Resolving the Paradoxes of Cross-lingual Transfer in Multilingual Language Models
▶Summary
The technical advances, and resulting societal opportunities, of Large Language Models (LLMs) have principally benefited communities whose primary languages are well-represented in the written data used for training LLMs (e.g., English). While these few high-resource languages are used by many around the world, they do not cover large segments of the global population of 8.2 billion, who collectively speak over 7000 languages. For intelligent natural language systems to be adopted and useful, they must enable interaction in the preferred languages of their users and be knowledgeable of the environments of those users. This expansion of LLM functionality requires re-thinking the cross-lingual transfer paradigm for enabling systems in low-resource languages. In an era where LLMs are knowledge bases, naive reasoners, and interactive agents, our intuitions that held for cross-lingual transfer to linguistic tasks will not extend to transferring regional and cultural knowledge understanding, which may differ even among similar languages.In this proposal, we reformulate cross-lingual transfer using inference-time algorithms that dynamically localize, augment, and adapt implicit language and knowledge representations of multilingual LLMs for queries presented in any language.
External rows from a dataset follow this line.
lemma func_op_partial_sum:
  "func_op (partial_sum (Suc N)) = 1 - inverse (1 + zv * yv) * ((zv * yv) ^ Suc N * inverse (denom N))"
proof -
  let ?I = "inverse (1 + zv * yv)"
  let ?T = "\<Sum>k<Suc N. summand k" and ?T2 = "\<Sum>k<Suc N. 2 ^ k * summand k"
  have I: "?I * (1 + zv * yv) = 1"
    using fps_mult_inverse_eq_one[of "1 + zv * yv"] by (simp add: mult.commute)
  have factor_out: "(1 + z) * (i * t) - z * (i * t2) = i * ((1 + z) * t - z * t2)"
    for z i t t2 :: "real fps fps"
    by (simp add: algebra_simps)
  have "func_op (partial_sum (Suc N)) = ?I * ((1 + zv) * ?T - zv * ?T2)"
    unfolding func_op_def sigma_partial_sum_mult_geom unfolding partial_sum_def by (rule factor_out)
  also have "(1 + zv) * ?T - zv * ?T2 = (\<Sum>k<Suc N. (1 + zv) * summand k - zv * (2 ^ k * summand k))"
    by (simp only: sum_distrib_left sum_subtractf)
  also have "\<dots> = (\<Sum>k<Suc N. (zv * yv) ^ k * (1 - (of_nat (2 ^ k) - 1) * zv) * inverse (denom k))"
  proof (rule sum.cong[OF refl])
    fix k
    have collect: "(1 + zv) * t - zv * (c * t) = (1 - (c - 1) * zv) * t" for c t :: "real fps fps"
      by (simp add: algebra_simps)
    show "(1 + zv) * summand k - zv * (2 ^ k * summand k) =
        (zv * yv) ^ k * (1 - (of_nat (2 ^ k) - 1) * zv) * inverse (denom k)"
      unfolding collect by (simp add: summand_def mult_ac)
  qed
  also have "?I * \<dots> = ?I * (1 + zv * yv) - ?I * ((zv * yv) ^ Suc N * inverse (denom N))"
    unfolding sum_telescope by (rule right_diff_distrib)
  finally show ?thesis
    by (simp only: I)
qed

lemma G_nth_eq_partial_sum_nth:
  assumes "n \<le> N"
  shows "G $ n = partial_sum (Suc N) $ n"
proof -
  have "func_op (G - partial_sum (Suc N)) = inverse (1 + zv * yv) * ((zv * yv) ^ Suc N * inverse (denom N))"
    by (simp only: func_op_diff func_op_G func_op_partial_sum diff_diff_eq2 add_diff_cancel_left')
  also have "\<dots> = zv ^ Suc N * (inverse (1 + zv * yv) * yv ^ Suc N * inverse (denom N))"
    by (simp only: power_mult_distrib mult_ac)
  finally have defect: "func_op (G - partial_sum (Suc N)) = \<dots>" .
  have "func_op (G - partial_sum (Suc N)) $ m = 0" if "m < Suc N" for m
    using that unfolding defect fps_X_power_mult_nth by simp
  moreover have "n < Suc N"
    using assms by simp
  ultimately have "(G - partial_sum (Suc N)) $ n = 0"
    by (rule func_op_coeffs_zero_imp)
  then show ?thesis by simp
qed

lemma suminf_fps_nth:
  fixes u :: "nat \<Rightarrow> 'a::comm_ring_1 fps"
  assumes "\<And>k n. n < k \<Longrightarrow> u k $ n = 0" and "n < N"
  shows "(\<Sum>k. u k) $ n = (\<Sum>k<N. u k) $ n"
proof -
  define L where "L = Abs_fps (\<lambda>n. \<Sum>k<Suc n. u k $ n)"
  have partial: "(\<Sum>k<M. u k) $ m = (\<Sum>k<Suc m. u k $ m)" if "m < M" for M m
    unfolding fps_sum_nth by (rule sum.mono_neutral_right) (use that assms(1) in auto)
  have "u sums L"
    unfolding sums_def
  proof (rule tendsto_fpsI)
    fix m
    show "eventually (\<lambda>M. (\<Sum>k<M. u k) $ m = L $ m) sequentially"
      by (rule eventually_sequentiallyI[of "Suc m"]) (simp add: partial L_def)
  qed
  then show ?thesis
    using partial[OF assms(2)] by (simp add: sums_unique[symmetric] L_def)
qed
text \<open>Exponential tilting of the left boundary turns the Bernoulli(a1) weights times
  e^(eps H) into C^y times Bernoulli(p1) weights, C = e^eps a1 + 1 - a1 and p1 = e^eps a1 / C,
  leaving a factor e^(-eps) for every arrow leaving the top row. The hypothesis on the
  parameters says exactly that a vertex fed with independent Bernoulli(p1) and Bernoulli(a2)
  arrows emits independent Bernoulli(p1) and Bernoulli(a2) arrows (Burke property). Replacing
  the vertices one at a time, in increasing order of i + j, by such independent output
  arrows therefore preserves the total mass, and once all vertices are gone every edge is
  independent, so the top row contributes (e^(-eps) a2 + 1 - a2)^x.\<close>

definition bernoulli_weight :: "real \<Rightarrow> bool \<Rightarrow> real" where
  "bernoulli_weight p b = (if b then p else 1 - p)"

lemma sum_Pow_remove:
  assumes "finite E" "e \<in> E"
  shows "(\<Sum>S\<in>Pow E. F S) = (\<Sum>S\<in>Pow (E - {e}). \<Sum>B\<in>UNIV. F (if B then insert e S else S))"
proof -
  have E: "E = insert e (E - {e})" using assms(2) by blast
  have "(\<Sum>S\<in>Pow E. F S) = (\<Sum>S\<in>Pow (E - {e}). F S) + (\<Sum>S\<in>insert e ` Pow (E - {e}). F S)"
    by (subst E, subst Pow_insert, rule sum.union_disjoint) (use assms(1) in auto)
  also have "(\<Sum>S\<in>insert e ` Pow (E - {e}). F S) = (\<Sum>S\<in>Pow (E - {e}). F (insert e S))"
    by (rule sum.reindex_cong[where l = "insert e"]) (auto simp: inj_on_def)
  finally show ?thesis by (simp add: UNIV_bool sum.distrib add.commute)
qed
These new algorithms will leverage shared linguistic knowledge for cross-lingual transfer to new languages while disentangling regional and cultural knowledge that is tied to language but unique to individual language environments. Second, we will develop novel modular architectures to catalyze our adaptation algorithms by disentangling language and knowledge representations within multilingual LLMs during pretraining. Finally, we will develop new benchmarks, settings, and standards for reliable evaluation of regional knowledge in multilingual contexts.